Gemäss Steiner ist Erinnern nicht nur ein Hervorholen von abgelegter Erinnerung sondern
ein erneutes Wahrnehmen. Wie ist dies zu verstehen?
Alles Vorstellen ist mit einer Bewegung im Ätherleib verbunden, die in den physischen Leib
eingeprägt werden. Beim Versuch sich zu erinnern, bewegt sich der Ätherleib von neuem
und veranlasst ein entsprechendes Engramm im physischen Leib einzufügen.

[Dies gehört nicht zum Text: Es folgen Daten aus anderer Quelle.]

definition area_density :: "real \<Rightarrow> real" where
  "area_density s = s^3 * sqrt (1 - 2 * s) + s^2 * (1 - s)^2 * arcsin (s / (1 - s))"

text \<open>Integration by parts against \<open>arcsin (s / (1 - s))\<close>, whose derivative is
  \<open>1 / ((1 - s) sqrt (1 - 2 s))\<close>: the first coefficient is the primitive of \<open>s\<^sup>2 (1 - s)\<^sup>2\<close>
  vanishing at \<open>s = 1\<close>, so that dividing it by \<open>1 - s\<close> leaves a polynomial.\<close>
definition area_density_primitive :: "real \<Rightarrow> real" where
  "area_density_primitive s =
     (s^3/3 - s^4/2 + s^5/5 - 1/30) * arcsin (s / (1 - s)) +
     (-68/1575 - 31/3150 * s + 1/525 * s^2 + 1/70 * s^3 + 1/5 * s^4) * sqrt (1 - 2 * s)"

lemma has_real_derivative_area_density_primitive:
  assumes "s < 1/2"
  shows "(area_density_primitive has_real_derivative area_density s) (at s)"
proof -
  define P where "P s = s^3/3 - s^4/2 + s^5/5 - 1/30" for s :: real
  define M where "M s = -68/1575 - 31/3150 * s + 1/525 * s^2 + 1/70 * s^3 + 1/5 * s^4" for s :: real
  define dM where "dM = -31/3150 + 2/525 * s + 3/70 * s^2 + 4/5 * s^3"
  define Q where "Q = sqrt (1 - 2 * s)"
  have s: "0 < 1 - s" and Q: "0 < Q" "Q^2 = 1 - 2 * s"
    using assms by (simp_all add: Q_def)
  have "(P has_real_derivative s^2 * (1 - s)^2) (at s)"
    unfolding P_def by (auto intro!: derivative_eq_intros simp: algebra_simps power2_eq_square
        power3_eq_cube eval_nat_numeral)
  moreover have "(M has_real_derivative dM) (at s)"
    unfolding M_def dM_def
    by (auto intro!: derivative_eq_intros simp: algebra_simps eval_nat_numeral)
  moreover have "((\<lambda>s. sqrt (1 - 2 * s)) has_real_derivative -1 / Q) (at s)"
    using Q by (auto intro!: derivative_eq_intros simp: Q_def field_simps)
  ultimately have deriv: "(area_density_primitive has_real_derivative
      P s * (1 / ((1 - s) * Q)) + s^2 * (1 - s)^2 * arcsin (s / (1 - s)) +
      (M s * (-1 / Q) + dM * Q)) (at s)"
    unfolding area_density_primitive_def P_def[symmetric] M_def[symmetric] Q_def
    by (intro DERIV_add DERIV_mult' has_real_derivative_arcsin_ratio assms)
  have "P s * (1 / ((1 - s) * Q)) + M s * (-1 / Q) + dM * Q = s^3 * Q"
  proof -
    have "P s * (1 / ((1 - s) * Q)) + M s * (-1 / Q) + dM * Q =
        (P s + (1 - s) * (dM * Q^2 - M s)) / ((1 - s) * Q)"
      using s Q(1) by (simp add: field_simps power2_eq_square)
    also have "P s + (1 - s) * (dM * Q^2 - M s) = s^3 * (1 - s) * Q^2"
      unfolding Q(2) P_def M_def dM_def by (simp add: field_simps eval_nat_numeral)
    also have "s^3 * (1 - s) * Q^2 / ((1 - s) * Q) = s^3 * Q"
      using s Q(1) by (simp add: power2_eq_square)
    finally show ?thesis .
  qed
  then have "P s * (1 / ((1 - s) * Q)) + s^2 * (1 - s)^2 * arcsin (s / (1 - s)) +
      (M s * (-1 / Q) + dM * Q) = area_density s"
    unfolding area_density_def Q_def[symmetric] by linarith
  with deriv show ?thesis
    by simp
qed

Sobald dies geschieht, leuchtet aufs neue die wahrgenommene erinnerte Vorstellung in der
Seele auf. Für Steiner jedoch werden jene Wahrnehmungen, Gedanken und Vorstellungen,
die vergessen werden, im unbewussten Zustand nicht in derselben Form erhalten, wie wir
sie vorher erlebt haben. Sie sind im Ätherleib verankert und nehmen dessen übersinnliche,
lebendige und bewegliche Seinsweise an. Mithilfe der Engramme, welche sie bei ihrem
ersten Erscheinen vom Ätherleib aus im physischen Leib hinterlassen haben, treten sie von
innen als neu gebildete Wahrnehmungen ins Bewusstsein ein. Erinnern ist also ein
erneutes Wahrnehmen. Vergessen ist sozusagen das Einschlafen, das Erinnern das
Aufwachen. Vergessene Vorstellungen arbeiten am Ätherleib und führen ihm neue Kräfte
zu. Krampfhaft im Wachbewusstsein festgehaltene Vorstellungen werden dieser Tätigkeit
entzogen. Die Folge ist eine Schädigung der Lebenskräfte. Für das Lernen ist es daher für
Steiner unabdingbar, dass ein Rhythmus im Wechsel von Erinnern und Vergessen zustande
kommt. Ein Rhythmus der dem natürlichen Wechsel von Schlafen und Wachen entspricht.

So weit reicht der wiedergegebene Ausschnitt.